During Greg's birthday party, Susan confiscates some of his money to pay Rowley's dad's smoothie bill from the country club. Greg also gets a Ladybug, a cell phone that can only make emergency and home calls. He then discovers his uncle Joe's dog "Killer" eating half of his birthday cake. Feeling bad for how the party turned out, Susan takes Greg to the mall next day to get a makeup gift and brings Rodrick and Manny along as well. They walk around the mall until they end up in the pet store. Greg gets an angelfish, but Rodrick, on the other hand, gets a pet piranha, which he neglects, while Manny buys fish food, which he later eats as a snack. After a trip to the water park, Greg finds that the piranha (which Susan put in Greg's bowl because she thought Rodrick's bowl was disgusting due to him not cleaning it) ate his angelfish while they were gone, upsetting Greg.

When Frank learns at a Father's Day lunch that his father accidentally ran over his dog Nutty when he was young and then lied about him running away to a butterfly farm, he goes to get a new dog to cope with the loss. The family named him Sweetheart, a.k.a. Sweetie, who causes significant problems for Greg's summer.

Greg and his mom meet Rowley's family at the supermarket, where they buy groceries for their family vacation to the beach. Mrs. Jefferson invites Greg to the beach, to which his mom agrees. On the first day there, Greg realizes that the condo is really 5 miles from the beach, and that that there are no electronics there, instead reading books for entertainment. At night, it gets worse; Rowley and Greg are forced to share a bed, and the latter is abruptly woken up from Rowley, who had a nightmare that a chicken was hiding under him. One night, Greg, having gone insane, typed an SOS email on Rowley's father's work computer to Greg's mother, claiming "these people are driving me crazy". That morning, Susan had replied to the email, revealing Greg secretly complaining. Later, they head to the boardwalk, where Greg finally goes on the Cranium Shaker, a ride he wanted to go on all summer, though the ride was so intense it made him incredibly sick. Afterward, with just a dollar given, Greg and Rowley pull a prank the former learned from Rodrick; The two hid under the boardwalk and put the dollar through a crack and waited for someone to pick it up, and then Greg slid the dollar back down. Soon, a fast moving kid successfully grabbed the dollar before Greg could pull it back, and then Rowley's parents arrive; It turned out that Greg and Rowley had been missing for over an hour. That night, Greg uses a boppy balloon (a toy balloon with a rubber band attached) and snaps the rubber band against Rowley's arm, leaving a red mark. He screams at the sight of it, his parents rush in their bedroom, and Mr. Jefferson calls Greg's father to take him home, who had to drive 4 hours to and back from the condo.

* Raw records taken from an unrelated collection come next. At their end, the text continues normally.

locale JI_chain_decomposition =
  fixes r :: "'a::{finite,distrib_lattice}" and t :: nat and C :: "nat \<Rightarrow> 'a set"
  assumes least: "\<And>x. r \<le> x"
    and chains_in_JI: "\<And>i. i < t \<Longrightarrow> C i \<subseteq> JI - {r}"
    and chains_cover: "JI - {r} \<subseteq> (\<Union>i<t. C i)"
    and chains: "\<And>i. i < t \<Longrightarrow> Complete_Partial_Order.chain (\<le>) (C i)"
    and chains_incomparable:
      "\<And>i j a b. i < t \<Longrightarrow> j < t \<Longrightarrow> a \<in> C i \<Longrightarrow> b \<in> C j \<Longrightarrow> a \<le> b \<Longrightarrow> i = j"
begin

definition coords :: "'a \<Rightarrow> nat \<Rightarrow> nat" where
  "coords x i = (if i < t then count_below (C i) x else 0)"

lemma coords_sup: "coords (sup x y) = (\<lambda>i. max (coords x i) (coords y i))"
proof
  fix i
  have "i < t \<Longrightarrow> C i \<subseteq> JI" using chains_in_JI by blast
  then show "coords (sup x y) i = max (coords x i) (coords y i)"
    by (simp add: coords_def count_below_sup chains)
qed

lemma coords_inf: "coords (inf x y) = (\<lambda>i. min (coords x i) (coords y i))"
  by (simp add: fun_eq_iff coords_def count_below_inf chains)

lemma coords_least: "coords r = (\<lambda>i. 0)"
proof -
  have "{p\<in>C i. p \<le> r} = {}" if "i < t" for i
    using chains_in_JI[OF that] least by (auto intro: antisym)
  then show ?thesis by (auto simp: coords_def count_below_def)
qed

lemma inj_coords: "inj coords"
proof -
  have "x \<le> y" if "coords x = coords y" for x y
  proof (rule le_if_JI_below_le)
    fix p assume "p \<in> JI" "p \<le> x"
    show "p \<le> y"
    proof (cases "p = r")
      case False
      then obtain i where "i < t" "p \<in> C i" using chains_cover \<open>p \<in> JI\<close> by blast
      moreover have "count_below (C i) x = count_below (C i) y"
        using that \<open>i < t\<close> unfolding coords_def by meson
      ultimately show ?thesis
        using count_below_eq_imp_below_sets_eq[OF finite chains] \<open>p \<le> x\<close> by blast
    qed (simp add: least)
  qed
  then show ?thesis by (metis injI antisym)
qed
lemma scale_above:
  assumes pos: "pos_aversion \<alpha>"
  shows "\<exists>p>0. \<forall>t\<in>{1..T}. K < p * \<alpha> t"
proof (intro exI conjI ballI)
  have \<alpha>: "\<forall>t\<in>{1..T}. 0 < \<alpha> t" using pos unfolding pos_aversion_def .
  define p where "p = (\<bar>K\<bar> + 1) * tolerance \<alpha>"
  show "p > 0" unfolding p_def using tolerance_pos[OF pos] by simp
  fix t assume t: "t \<in> {1..T}"
  have "1 / \<alpha> t \<le> tolerance \<alpha>"
    unfolding tolerance_def using \<alpha> t by (intro member_le_sum) (auto simp: less_imp_le)
  then have "(\<bar>K\<bar> + 1) * (1 / \<alpha> t) * \<alpha> t \<le> p * \<alpha> t"
    unfolding p_def using \<alpha> t by (intro mult_right_mono mult_left_mono) (auto simp: less_imp_le)
  moreover have "\<alpha> t \<noteq> 0" using \<alpha> t by (metis less_irrefl)
  ultimately have "\<bar>K\<bar> + 1 \<le> p * \<alpha> t" by simp
  then show "K < p * \<alpha> t" using abs_ge_self[of K] by linarith
qed

text \<open>\<open>H\<^sub>p\<^sub>\<alpha>(Z) = (A / p) ln (D\<^sub>\<alpha>(-p Z) / A)\<close>: the scale enters only through \<open>D\<^sub>\<alpha>(-p Z)\<close>.\<close>
lemma price_scaled:
  assumes pos: "pos_aversion \<alpha>" and p: "p > 0"
  shows "price (\<lambda>t. p * \<alpha> t) = tolerance \<alpha> / p * ln (min_loss \<alpha> (\<lambda>\<omega>. p * - Z \<omega>) / tolerance \<alpha>)"
proof -
  have "price (\<lambda>t. p * \<alpha> t)
      = tolerance \<alpha> / p * ln ((min_loss \<alpha> (\<lambda>\<omega>. p * - Z \<omega>) / p) / (tolerance \<alpha> / p))"
    using price_formula[OF pos_aversion_scale[OF pos p]]
      min_loss_scale[OF pos p admissible_neg_claim] tolerance_scale by simp
  then show ?thesis using p by simp
qed

lemma min_loss_scaled_pos:
  assumes pos: "pos_aversion \<alpha>" and p: "p > 0"
  shows "min_loss \<alpha> (\<lambda>\<omega>. p * - Z \<omega>) > 0"
  using min_loss_neg_claim_pos[OF pos_aversion_scale[OF pos p]]
    min_loss_scale[OF pos p admissible_neg_claim] p by (simp add: zero_less_divide_iff)

text \<open>Changing the scale from \<open>p\<close> to \<open>q\<close> changes \<open>D\<^sub>\<alpha>(-p Z)\<close> at most by the factor
  \<open>exp (\<bar>q - p\<bar> M / A)\<close>, by the shift estimate.\<close>
lemma min_loss_scaled_lipschitz:
  assumes pos: "pos_aversion \<alpha>"
  shows "min_loss \<alpha> (\<lambda>\<omega>. q * - Z \<omega>)
    \<le> exp (\<bar>q - p\<bar> * claim_bound / tolerance \<alpha>) * min_loss \<alpha> (\<lambda>\<omega>. p * - Z \<omega>)"
proof -
  let ?\<Delta> = "\<lambda>\<omega>. \<bar>q - p\<bar> * claim_bound - (q - p) * Z \<omega>"
  have ne: "admissible M \<tau> T r (\<lambda>\<omega>. p * - Z \<omega>) \<noteq> {}"
    using admissible_neg_claim admissible_scale by blast
  have meas: "?\<Delta> \<in> borel_measurable (filt M \<tau> T)" using claim_measurable by measurable
  have "\<bar>(q - p) * Z \<omega>\<bar> \<le> \<bar>q - p\<bar> * claim_bound" for \<omega>
    using claim_abs_le[of \<omega>] by (simp add: abs_mult mult_left_mono)
  then have bound: "\<forall>\<omega>\<in>space M. \<bar>?\<Delta> \<omega>\<bar> \<le> 2 * (\<bar>q - p\<bar> * claim_bound)"
    and nonneg: "\<forall>\<omega>\<in>space M. ?\<Delta> \<omega> \<ge> 0"
    by (smt (verit))+
  have "\<forall>\<omega>\<in>space M. q * - Z \<omega> = p * - Z \<omega> + - (\<bar>q - p\<bar> * claim_bound) + ?\<Delta> \<omega>"
    by (simp add: algebra_simps)
  from min_loss_shift(1)[OF pos ne meas bound nonneg this] show ?thesis by simp
qed

lemma price_scaled_continuous:
  assumes pos: "pos_aversion \<alpha>"
  shows "continuous_on {0<..} (\<lambda>p. price (\<lambda>t. p * \<alpha> t))"
proof -
  define A where "A = tolerance \<alpha>"
  have A_pos: "A > 0" using tolerance_pos[OF pos] A_def by simp
  define \<psi> where "\<psi> p = ln (min_loss \<alpha> (\<lambda>\<omega>. p * - Z \<omega>) / A)" for p
  have increment: "\<psi> q - \<psi> p \<le> claim_bound / A * \<bar>q - p\<bar>" if "p > 0" "q > 0" for p q
  proof -
    have D_pos: "min_loss \<alpha> (\<lambda>\<omega>. p * - Z \<omega>) > 0" "min_loss \<alpha> (\<lambda>\<omega>. q * - Z \<omega>) > 0"
      using min_loss_scaled_pos[OF pos] that by auto
    have "\<psi> q \<le> ln (exp (\<bar>q - p\<bar> * claim_bound / A) * (min_loss \<alpha> (\<lambda>\<omega>. p * - Z \<omega>) / A))"
      unfolding \<psi>_def using min_loss_scaled_lipschitz[OF pos, of q p] D_pos A_pos
      unfolding A_def by (simp add: divide_right_mono)
    also have "\<dots> = ln (exp (\<bar>q - p\<bar> * claim_bound / A)) + \<psi> p"
      unfolding \<psi>_def using D_pos A_pos by (intro ln_mult_pos) auto
    also have "\<dots> = \<bar>q - p\<bar> * claim_bound / A + \<psi> p" by (simp only: ln_exp)
    finally show ?thesis by (simp add: mult.commute)
  qed
  have "(claim_bound / A)-lipschitz_on {0<..} \<psi>"
  proof (rule lipschitz_onI)
    fix x y :: real assume "x \<in> {0<..}" "y \<in> {0<..}"
    then show "dist (\<psi> x) (\<psi> y) \<le> claim_bound / A * dist x y"
      using increment[of x y] increment[of y x] by (simp add: dist_real_def abs_minus_commute)
  qed (use claim_bound_nonneg A_pos in simp)
  then have "continuous_on {0<..} \<psi>" by (rule lipschitz_on_continuous_on)
  then have "continuous_on {0<..} (\<lambda>p. A / p * \<psi> p)" by (intro continuous_intros) auto
  then show ?thesis
    by (rule continuous_on_eq) (simp add: price_scaled[OF pos] A_def \<psi>_def)
qed

lemma price_tends_to_mean:
  assumes \<epsilon>: "\<epsilon> > 0"
  shows "\<exists>\<delta>>0. \<forall>\<alpha>. (\<forall>t\<in>{1..T}. 0 < \<alpha> t \<and> \<alpha> t < \<delta>) \<longrightarrow> \<bar>price \<alpha> - mean_payoff\<bar> < \<epsilon>"
proof (intro exI conjI allI impI)
  define \<delta> where "\<delta> = min (1 / (2 * claim_bound + 1)) (\<epsilon> / (4 * claim_bound\<^sup>2 + 1))"
  have M: "claim_bound \<ge> 0" by (rule claim_bound_nonneg)
  show "\<delta> > 0" unfolding \<delta>_def using \<epsilon> M by (simp add: add_nonneg_pos)
  fix \<alpha> assume \<alpha>: "\<forall>t\<in>{1..T}. 0 < \<alpha> t \<and> \<alpha> t < \<delta>"
  then have pos: "pos_aversion \<alpha>" unfolding pos_aversion_def by auto
  have \<alpha>T: "0 < \<alpha> T" "\<alpha> T < \<delta>" using \<alpha> horizon_pos by auto
  have "\<alpha> T * (2 * claim_bound + 1) < 1" "\<alpha> T * (4 * claim_bound\<^sup>2 + 1) < \<epsilon>"
    using \<alpha>T M unfolding \<delta>_def by (simp_all add: less_divide_eq add_nonneg_pos)
  then have "\<alpha> T * (2 * claim_bound) \<le> 1" "4 * claim_bound\<^sup>2 * \<alpha> T < \<epsilon>"
    using \<alpha>T by (simp_all add: algebra_simps)
  then show "\<bar>price \<alpha> - mean_payoff\<bar> < \<epsilon>"
    using price_le_mean_plus[OF pos] price_ge_mean[OF pos] by fastforce
qed
(* For $\sigma>0$ let $\mathcal H_\sigma$ denote the RKHS of the Gaussian kernel $k_\sigma(x,y) = \exp(-\|x-y\|^2/(2\sigma^2))$ on $\mathbb R^d$, with norm $\|\cdot\|_\sigma$. Let $x_1,\dots,x_m \in \mathbb R^d$, and let $f = \sum_i a_i k_\sigma(x_i,\cdot)$ and $g = \sum_j b_j k_\sigma(x_j,\cdot)$ with real coefficients $a_i, b_j$. Let $z_i = \phi_{\sqrt2\sigma}(x_i)$ denote the (possibly infinite-dimensional) feature vector of $x_i$ in $\mathcal H_{\sqrt2\sigma}$, so that $z_i^T z_j = k_{\sqrt2\sigma}(x_i,x_j)$. Define the operators $A = \sum_i a_i z_i z_i^T$ and $B = \sum_j b_j z_j z_j^T$. Then $$\|fg\|_{\sigma/\sqrt2}^2 = \operatorname{tr}(A^2B^2),\qquad \|f\|_\sigma^2 = \operatorname{tr}(A^2),\qquad \|g\|_\sigma^2 = \operatorname{tr}(B^2).$$
   Context: $z_i z_i^T$ denotes the rank-one operator $v \mapsto \langle z_i, v\rangle z_i$ on the feature space, and $\operatorname{tr}$ is the trace of the resulting finite-rank operator. *)

theory Defs
  imports "HOL-Analysis.Analysis"
begin

definition gauss_kernel :: "real \<Rightarrow> 'a::real_normed_vector \<Rightarrow> 'a \<Rightarrow> real" where
  "gauss_kernel \<sigma> x y = exp (- (norm (x - y))\<^sup>2 / (2 * \<sigma>\<^sup>2))"

text \<open>Squared RKHS norm of f for the kernel k (Aronszajn characterisation):
  the least C such that C k(x,y) - f(x) f(y) is a positive semidefinite kernel,
  i.e. (sum c_i f(y_i))^2 <= C sum_ij c_i c_j k(y_i,y_j) for all finite
  families. f lies in the RKHS iff such a C exists.\<close>
definition rkhs_bound :: "('a \<Rightarrow> 'a \<Rightarrow> real) \<Rightarrow> ('a \<Rightarrow> real) \<Rightarrow> real \<Rightarrow> bool" where
  "rkhs_bound k f C \<longleftrightarrow>
     (\<forall>(n::nat) (c::nat \<Rightarrow> real) (y::nat \<Rightarrow> 'a).
        (\<Sum>i<n. c i * f (y i))\<^sup>2 \<le> C * (\<Sum>i<n. \<Sum>j<n. c i * c j * k (y i) (y j)))"

definition in_rkhs :: "('a \<Rightarrow> 'a \<Rightarrow> real) \<Rightarrow> ('a \<Rightarrow> real) \<Rightarrow> bool" where
  "in_rkhs k f \<longleftrightarrow> (\<exists>C. rkhs_bound k f C)"

definition rkhs_norm_sq :: "('a \<Rightarrow> 'a \<Rightarrow> real) \<Rightarrow> ('a \<Rightarrow> real) \<Rightarrow> real" where
  "rkhs_norm_sq k f = Inf {C. rkhs_bound k f C}"

definition rank_one :: "'h::real_inner \<Rightarrow> 'h \<Rightarrow> 'h" where
  "rank_one z v = (z \<bullet> v) *\<^sub>R z"

text \<open>Trace of a finite-rank operator: sum of <e, T e> over any finite orthonormal
  set E whose span contains the range of T (independent of the choice of E).\<close>
definition fr_trace :: "('h::real_inner \<Rightarrow> 'h) \<Rightarrow> real" where
  "fr_trace T = (THE t. \<forall>E. finite E \<and> pairwise orthogonal E \<and> (\<forall>e\<in>E. norm e = 1)
       \<and> range T \<subseteq> span E \<longrightarrow> t = (\<Sum>e\<in>E. e \<bullet> T e))"

end

theory Submission
  imports Defs
begin

(* The squared norm of a kernel expansion \<Sum>i \<alpha>_i k(p_i, .) in the RKHS of a positive
   semidefinite kernel k is the quadratic form \<Sum>ij \<alpha>_i \<alpha>_j k(p_i, p_j): the Aronszajn bound
   holds for it by Cauchy-Schwarz for the form, and cannot be smaller, as testing the bound
   against the expansion itself shows. Every Gaussian kernel is positive semidefinite, being
   a rescaling of the Gram kernel of the given feature map.
   Since k_\<sigma> = (k_{\<surd>2\<sigma>})^2 = (z_i \<bullet> z_j)^2 on the sample points, this gives
   ||f||^2 = \<Sum>ij a_i a_j (z_i \<bullet> z_j)^2 = tr(A^2). A product of two Gaussians of width \<sigma> is
   k_{\<surd>2\<sigma>}(x_i, x_j) times a Gaussian of width \<sigma>/\<surd>2 centred at the midpoint, so fg is a
   kernel expansion for k_{\<sigma>/\<surd>2}; the exponents in its fourfold norm sum recombine,
   by a parallelogram identity, into the cycle (z_i \<bullet> z_k)(z_k \<bullet> z_l)(z_l \<bullet> z_j)(z_j \<bullet> z_i),
   which is tr(A^2 B^2). Traces are computed from tr(\<Sum>_k y_k w_k^T) = \<Sum>_k w_k \<bullet> y_k, valid
   for every finite orthonormal set whose span contains the range because it can be
   extended to one containing all w_k and y_k. *)

definition orthonormal :: "'a::real_inner set \<Rightarrow> bool" where
  "orthonormal E \<longleftrightarrow> pairwise orthogonal E \<and> (\<forall>e\<in>E. norm e = 1)"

After this incident, Greg is afraid that his dad will sell him to an orphanage, and he calls the police with his Ladybug phone. After a long talk with the police, Frank gives the cops tickets to a baseball game to repay them for their trouble, and it turns out that Frank was giving Sweetie to Grandma. Susan is disappointed because she bought the tickets so Frank and Greg could spend time together. After hearing about a video game competition, Greg and Rowley decide to camp in front of the game hut, thinking that's where the competition will be. However, Rowley accidentally injures Greg's hand, forcing Greg to quit the competition. At the end of the summer, Greg regrets not staying at home and playing video games throughout the summer. He reflects on how he does not speak to Rowley after the video game competition, similar to how his father hasn't spoken to him after almost being arrested, but soon realizes that things will be alright after reading the new version of the comic, Lil' Cutie after the original writer retired and passed it on to his son. Susan puts the photos of the summer to her scrapbook and titles it as the "Best Summer Ever." However, Greg views it as a horrible summer when he sees the scrapbook but knew that "the person who takes the pictures is the one who gets to tell the story."